Path With Maximum Minimum Value
Given a matrix of integers A with R rows and C columns, find the maximum score of a path starting at [0,0] and ending at [R-1,C-1].
The score of a path is the minimum value in that path. For example, the value of the path 8 → 4 → 5 → 9 is 4.

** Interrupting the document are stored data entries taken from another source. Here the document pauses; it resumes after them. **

(* Let $A$ be a finite ring with unity (not necessarily associative or commutative), let $E$ be a set, and consider the ring $A^E$ with pointwise operations. For $X\subseteq A^E$ set $\mathcal{R}(X)=X\cup\{-1,0,1\}\cup\{x+y : x,y\in X\}\cup\{xy : x,y\in X\}$. Let $(\mathscr{X}_i)_{i\in\mathbf{N}}$ be an increasing sequence of subsets of $A^E$ such that $\mathcal{R}(\mathscr{X}_i)\subseteq\mathscr{X}_{i+1}$ for all $i$ and $\bigcup_{i\in\mathbf{N}}\mathscr{X}_i=A^E$. Then $A^E=\mathscr{X}_i$ for some $i$. *)

theory Defs
  imports Main
begin

definition nonassoc_ring_1 :: "'a::{ab_group_add, times, one} itself \<Rightarrow> bool" where
  "nonassoc_ring_1 _ \<longleftrightarrow>
     (\<forall>x y z::'a. x * (y + z) = x * y + x * z) \<and>
     (\<forall>x y z::'a. (x + y) * z = x * z + y * z) \<and>
     (\<forall>x::'a. 1 * x = x \<and> x * 1 = x)"

definition Rop :: "('e \<Rightarrow> 'a::{ab_group_add, times, one}) set \<Rightarrow> ('e \<Rightarrow> 'a) set" where
  "Rop X = X \<union> {(\<lambda>e. - 1), (\<lambda>e. 0), (\<lambda>e. 1)}
           \<union> {(\<lambda>e. x e + y e) | x y. x \<in> X \<and> y \<in> X}
           \<union> {(\<lambda>e. x e * y e) | x y. x \<in> X \<and> y \<in> X}"

end

theory Submission
  imports Defs "HOL-Library.Disjoint_Sets" "HOL-Library.Infinite_Set"
begin

text \<open>Say that T \<subseteq> E has a level if for some n every function supported in T lies in X_n;
it suffices to show that E has a level. Suppose not.

If every set without a level splits into two sets without a level, there are pairwise
disjoint sets U_k without a level. Let 1_(U_k) \<in> X_(l_k) and choose g_k supported in U_k
but outside X_(1 + max k l_k). Gluing the g_k gives one function G, say G \<in> X_m; then
g_m = G \<cdot> 1_(U_m) \<in> X_(1 + max m l_m), a contradiction.

Otherwise some T without a level is indecomposable: every split of T has a part with a level.
Since A is finite, a function f supported in T is constant, say a, on some part F of T without
a level; then T - F has a level and f = f|(T - F) + a \<cdot> (1_T - 1_(T - F)). So if the subsets
of T having a level had a common level, T would have a level. Hence T contains pairwise
disjoint D_n with D_n not captured by X_n, and the unions of the D_n over even and over odd n
split T into two parts without a level.\<close>

lemma disjoint_family_from_splitting:
  fixes P :: "'a set \<Rightarrow> bool"
  assumes "P A" and split: "\<And>T. P T \<Longrightarrow> \<exists>S\<subseteq>T. P S \<and> P (T - S)"
  shows "\<exists>U :: nat \<Rightarrow> 'a set. disjoint_family U \<and> (\<forall>k. P (U k))"
proof -
  define piece where "piece T = (SOME S. S \<subseteq> T \<and> P S \<and> P (T - S))" for T
  have piece: "piece T \<subseteq> T \<and> P (piece T) \<and> P (T - piece T)" if "P T" for T
    unfolding piece_def by (rule someI_ex[OF split[OF that]])
  define R where "R = rec_nat A (\<lambda>_ T. T - piece T)"
  have R_0: "R 0 = A" and R_Suc: "R (Suc k) = R k - piece (R k)" for k
    unfolding R_def by simp_all
  have P_R: "P (R k)" for k
    by (induction k) (use \<open>P A\<close> piece in \<open>auto simp: R_0 R_Suc\<close>)
  have R_antimono: "R j \<subseteq> R k" if "k \<le> j" for j k
    by (rule lift_Suc_antimono_le[of R, OF _ that]) (auto simp: R_Suc)
  have "piece (R j) \<inter> piece (R k) = {}" if "k < j" for j k
  proof -
    have "piece (R j) \<subseteq> R (Suc k)"
      using piece[OF P_R, of j] R_antimono[OF Suc_leI[OF that]] by blast
    then show ?thesis by (auto simp: R_Suc)
  qed
  then have "disjoint_family (\<lambda>k. piece (R k))"
    unfolding disjoint_family_on_def by (metis inf_commute linorder_neq_iff)
  then show ?thesis
    using piece[OF P_R] by blast
qed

A path moves some number of times from one visited cell to any neighbouring unvisited cell in one of the 4 cardinal directions (north, east, west, south).
Example 1:
Input: [[5,4,5],[1,2,6],[7,4,6]] Output: 4 Explanation: The path with the maximum score is highlighted in yellow.
Example 2:
Input: [[2,2,1,2,2,2],[1,2,2,2,1,2]] Output: 2
Example 3:
Input: [[3,4,6,3,4],[0,2,1,1,7],[8,8,3,2,7],[3,2,4,9,8],[4,1,2,0,0],[4,6,5,4,3]] Output: 3
Note:
- 1 <= R, C <= 100
- 0 <= A[i][j] <= 10^9
Solution:
class Solution {
public int maximumMinimumPath(int[][] A) {
int[][] directions = {{-1, 0}, {0, 1}, {1, 0}, {0, -1}};
int n = A.length;
int m = A[0].length;
boolean[][] visited = new boolean[n][m];
// in the BFS approach, for each step, we are interested in getting the maximum min that we have seen so far, thus we reverse the ordering in the pq
Queue<int[]> pq = new PriorityQueue<>((a,b) -> b[2] - a[2]);
pq.offer(new int[]{0, 0, A[0][0]});
// BFS
while (!pq.isEmpty()) {
int[] cell = pq.poll();
int row = cell[0];
int col = cell[1];
if (row == n - 1 && col == m - 1) {
return cell[2];
}
visited[row][col] = true;
for (int[] dir : directions) {
int nextRow = row + dir[0];
int nextCol = col + dir[1];
if (nextRow < 0 || nextRow >= n || nextCol < 0 || nextCol >= m || visited[nextRow][nextCol]) continue;
// we are keeping track of the min element that we have seen until now
pq.offer(new int[]{nextRow, nextCol, Math.min(cell[2], A[nextRow][nextCol])});
}
}
return -1;
}
}